§ **Directions for this task**
Extract from the entries below, exactly as given, only the lines from the line containing "section \<open>The prime" to the line containing "(\<Sum>m\<in>B. (2 ^", both lines included.

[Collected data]
lemma sum_inverse_cong_le:
  fixes r :: int
  assumes "finite V" and V: "\<And>v. v \<in> V \<Longrightarrow> [int v = r] (mod int n) \<and> \<bar>r\<bar> < int v"
  shows "(\<Sum>v\<in>V. 1 / real v) \<le> 2 * harm (card V) / real n"
proof (cases "V = {}")
  case False
  \<comment> \<open>v = r + n k with k \<ge> 1, and v \<ge> \<bar>r\<bar> gives v \<ge> n k / 2\<close>
  define k where "k v = nat ((int v - r) div int n)" for v
  have vk: "int v - r = int n * int (k v)" "k v > 0" and n_pos: "n > 0" if "v \<in> V" for v
  proof -
    have "int n dvd int v - r" using V[OF that] by (simp add: cong_iff_dvd_diff)
    then obtain j where j: "int v - r = int n * j" by (elim dvdE)
    moreover have "int v - r > 0" using V[OF that] by (simp add: abs_less_iff)
    ultimately have "j > 0" "n > 0" by (auto simp: zero_less_mult_iff)
    thus "int v - r = int n * int (k v)" "k v > 0" "n > 0" using j by (simp_all add: k_def)
  qed
  have "n > 0" using False n_pos by blast
  have "inj_on k V" by (rule inj_onI) (metis vk(1) diff_add_cancel of_nat_eq_iff)
  have "(\<Sum>v\<in>V. 1 / real v) \<le> (\<Sum>v\<in>V. (2 / real n) * (1 / real (k v)))"
  proof (rule sum_mono)
    fix v assume "v \<in> V"
    have "int n * int (k v) \<le> 2 * int v"
      using vk(1)[OF \<open>v \<in> V\<close>] V[OF \<open>v \<in> V\<close>] by (simp add: abs_less_iff)
    hence "n * k v \<le> 2 * v" by (simp flip: of_nat_mult)
    hence "real n * real (k v) \<le> 2 * real v" by (simp flip: of_nat_mult)
    thus "1 / real v \<le> (2 / real n) * (1 / real (k v))"
      using \<open>n > 0\<close> vk(2)[OF \<open>v \<in> V\<close>] by (simp add: divide_simps mult.commute)
  qed
  also have "\<dots> = (2 / real n) * (\<Sum>j\<in>k ` V. 1 / real j)"
    by (simp add: sum_distrib_left sum.reindex[OF \<open>inj_on k V\<close>])
  also have "\<dots> \<le> (2 / real n) * harm (card (k ` V))"
    using vk(2) assms(1) by (intro mult_left_mono sum_inverse_le_harm) (auto simp: image_iff)
  finally show ?thesis by (simp add: card_image[OF \<open>inj_on k V\<close>])
qed (simp add: harm_def)

definition cong_pm1 :: "nat \<Rightarrow> nat \<Rightarrow> bool" where
  "cong_pm1 n v \<longleftrightarrow> [int v = 1] (mod int n) \<or> [int v = -1] (mod int n)"

lemma sum_inverse_cong_pm1_le:
  assumes "finite V" and V: "\<And>v. v \<in> V \<Longrightarrow> 2 \<le> v \<and> cong_pm1 n v" and "card V \<le> 2 ^ k"
  shows "(\<Sum>v\<in>V. 1 / real v) \<le> 4 * (real k + 1) / real n"
proof -
  define V1 where "V1 = {v \<in> V. [int v = 1] (mod int n)}"
  have harm_le: "harm (card W) \<le> real k + 1" if "W \<subseteq> V" for W
    using card_mono[OF assms(1) that] assms(3) by (intro harm_le_of_le_two_power) simp
  have "(\<Sum>v\<in>V. 1 / real v) = (\<Sum>v\<in>V1. 1 / real v) + (\<Sum>v\<in>V - V1. 1 / real v)"
    using assms(1) by (subst sum.subset_diff[of V1]) (auto simp: V1_def)
  also have "(\<Sum>v\<in>V1. 1 / real v) \<le> 2 * harm (card V1) / real n"
    using assms(1) V by (intro sum_inverse_cong_le) (force simp: V1_def)+
  also have "(\<Sum>v\<in>V - V1. 1 / real v) \<le> 2 * harm (card (V - V1)) / real n"
    using assms(1) V by (intro sum_inverse_cong_le[where r = "-1"]) (force simp: V1_def cong_pm1_def)+
  also have "2 * harm (card V1) / real n + 2 * harm (card (V - V1)) / real n
             \<le> 2 * (real k + 1) / real n + 2 * (real k + 1) / real n"
    using harm_le[of V1] harm_le[of "V - V1"] by (intro add_mono divide_right_mono) (auto simp: V1_def)
  finally show ?thesis by simp
qed

section \<open>The prime powers congruent to \<open>\<plusminus>1\<close>\<close>

definition majorant :: "nat \<Rightarrow> nat \<Rightarrow> nat \<Rightarrow> real" where
  "majorant n q m = (if cong_pm1 n (q ^ m) then 1 / (real m * real q ^ m) else 0)"

lemma cong_pm1_imp_square_cong_one:
  assumes "cong_pm1 n v"
  shows "[v\<^sup>2 = 1] (mod n)"
proof -
  have "[(int v)\<^sup>2 = 1] (mod int n)"
    using assms cong_pow[of "int v" 1 "int n" 2] cong_pow[of "int v" "-1" "int n" 2]
    by (auto simp: cong_pm1_def)
  thus ?thesis by (metis cong_int_iff of_nat_1 of_nat_power)
qed

lemma card_primes_cong_pm1_le:
  assumes "n > 0" "m > 0"
  shows "card {q. prime q \<and> q < n \<and> cong_pm1 n (q ^ m)} \<le> (4 * m) ^ omega n"
proof -
  have "{q. prime q \<and> q < n \<and> cong_pm1 n (q ^ m)} \<subseteq> {x. x < n \<and> [x ^ (2 * m) = 1] (mod n)}"
  proof safe
    fix q assume "q < n" "cong_pm1 n (q ^ m)"
    thus "[q ^ (2 * m) = 1] (mod n)"
      using cong_pm1_imp_square_cong_one by (metis mult.commute power_mult)
  qed
  hence "card {q. prime q \<and> q < n \<and> cong_pm1 n (q ^ m)} \<le> card {x. x < n \<and> [x ^ (2 * m) = 1] (mod n)}"
    by (intro card_mono) auto
  also have "\<dots> \<le> (2 * (2 * m)) ^ omega n" using assms by (intro card_roots_of_unity_mod) auto
  finally show ?thesis by simp
qed

lemma card_prime_powers_cong_pm1_dyadic_le:
  assumes "n > 0"
  shows "card {(q, m). prime q \<and> q < n \<and> m \<in> {2 ^ i..<2 ^ Suc i} \<and> cong_pm1 n (q ^ m)}
           \<le> 2 ^ (i + (i + 3) * omega n)"
proof -
  define B where "B = {(2::nat) ^ i..<2 ^ Suc i}"
  define Q where "Q m = {q. prime q \<and> q < n \<and> cong_pm1 n (q ^ m)}" for m
  have "{(q, m). prime q \<and> q < n \<and> m \<in> B \<and> cong_pm1 n (q ^ m)} = (\<Union>m\<in>B. (\<lambda>q. (q, m)) ` Q m)"
    by (auto simp: Q_def)
  hence "card {(q, m). prime q \<and> q < n \<and> m \<in> B \<and> cong_pm1 n (q ^ m)}
         \<le> (\<Sum>m\<in>B. card ((\<lambda>q. (q, m)) ` Q m))"
    by (simp add: card_UN_le B_def)
  also have "\<dots> \<le> (\<Sum>m\<in>B. (2 ^ (i + 3)) ^ omega n)"
  proof (rule sum_mono)
    fix m assume "m \<in> B"
    hence "m > 0" "4 * m \<le> 2 ^ (i + 3)" by (auto simp: B_def power_add)
    have "card ((\<lambda>q. (q, m)) ` Q m) \<le> card (Q m)" by (rule card_image_le) (simp add: Q_def)
    also have "\<dots> \<le> (4 * m) ^ omega n"
      unfolding Q_def using assms \<open>m > 0\<close> by (rule card_primes_cong_pm1_le)
    also have "\<dots> \<le> (2 ^ (i + 3)) ^ omega n" using \<open>4 * m \<le> _\<close> by (rule power_mono) simp
    finally show "card ((\<lambda>q. (q, m)) ` Q m) \<le> (2 ^ (i + 3)) ^ omega n" .
  qed
  also have "\<dots> = 2 ^ (i + (i + 3) * omega n)" by (simp add: B_def power_add power_mult)
  finally show ?thesis by (simp add: B_def)
qed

§ **Result below**
section \<open>The prime powers congruent to \<open>\<plusminus>1\<close>\<close>

definition majorant :: "nat \<Rightarrow> nat \<Rightarrow> nat \<Rightarrow> real" where
  "majorant n q m = (if cong_pm1 n (q ^ m) then 1 / (real m * real q ^ m) else 0)"

lemma cong_pm1_imp_square_cong_one:
  assumes "cong_pm1 n v"
  shows "[v\<^sup>2 = 1] (mod n)"
proof -
  have "[(int v)\<^sup>2 = 1] (mod int n)"
    using assms cong_pow[of "int v" 1 "int n" 2] cong_pow[of "int v" "-1" "int n" 2]
    by (auto simp: cong_pm1_def)
  thus ?thesis by (metis cong_int_iff of_nat_1 of_nat_power)
qed

lemma card_primes_cong_pm1_le:
  assumes "n > 0" "m > 0"
  shows "card {q. prime q \<and> q < n \<and> cong_pm1 n (q ^ m)} \<le> (4 * m) ^ omega n"
proof -
  have "{q. prime q \<and> q < n \<and> cong_pm1 n (q ^ m)} \<subseteq> {x. x < n \<and> [x ^ (2 * m) = 1] (mod n)}"
  proof safe
    fix q assume "q < n" "cong_pm1 n (q ^ m)"
    thus "[q ^ (2 * m) = 1] (mod n)"
      using cong_pm1_imp_square_cong_one by (metis mult.commute power_mult)
  qed
  hence "card {q. prime q \<and> q < n \<and> cong_pm1 n (q ^ m)} \<le> card {x. x < n \<and> [x ^ (2 * m) = 1] (mod n)}"
    by (intro card_mono) auto
  also have "\<dots> \<le> (2 * (2 * m)) ^ omega n" using assms by (intro card_roots_of_unity_mod) auto
  finally show ?thesis by simp
qed

lemma card_prime_powers_cong_pm1_dyadic_le:
  assumes "n > 0"
  shows "card {(q, m). prime q \<and> q < n \<and> m \<in> {2 ^ i..<2 ^ Suc i} \<and> cong_pm1 n (q ^ m)}
           \<le> 2 ^ (i + (i + 3) * omega n)"
proof -
  define B where "B = {(2::nat) ^ i..<2 ^ Suc i}"
  define Q where "Q m = {q. prime q \<and> q < n \<and> cong_pm1 n (q ^ m)}" for m
  have "{(q, m). prime q \<and> q < n \<and> m \<in> B \<and> cong_pm1 n (q ^ m)} = (\<Union>m\<in>B. (\<lambda>q. (q, m)) ` Q m)"
    by (auto simp: Q_def)
  hence "card {(q, m). prime q \<and> q < n \<and> m \<in> B \<and> cong_pm1 n (q ^ m)}
         \<le> (\<Sum>m\<in>B. card ((\<lambda>q. (q, m)) ` Q m))"
    by (simp add: card_UN_le B_def)
  also have "\<dots> \<le> (\<Sum>m\<in>B. (2 ^ (i + 3)) ^ omega n)"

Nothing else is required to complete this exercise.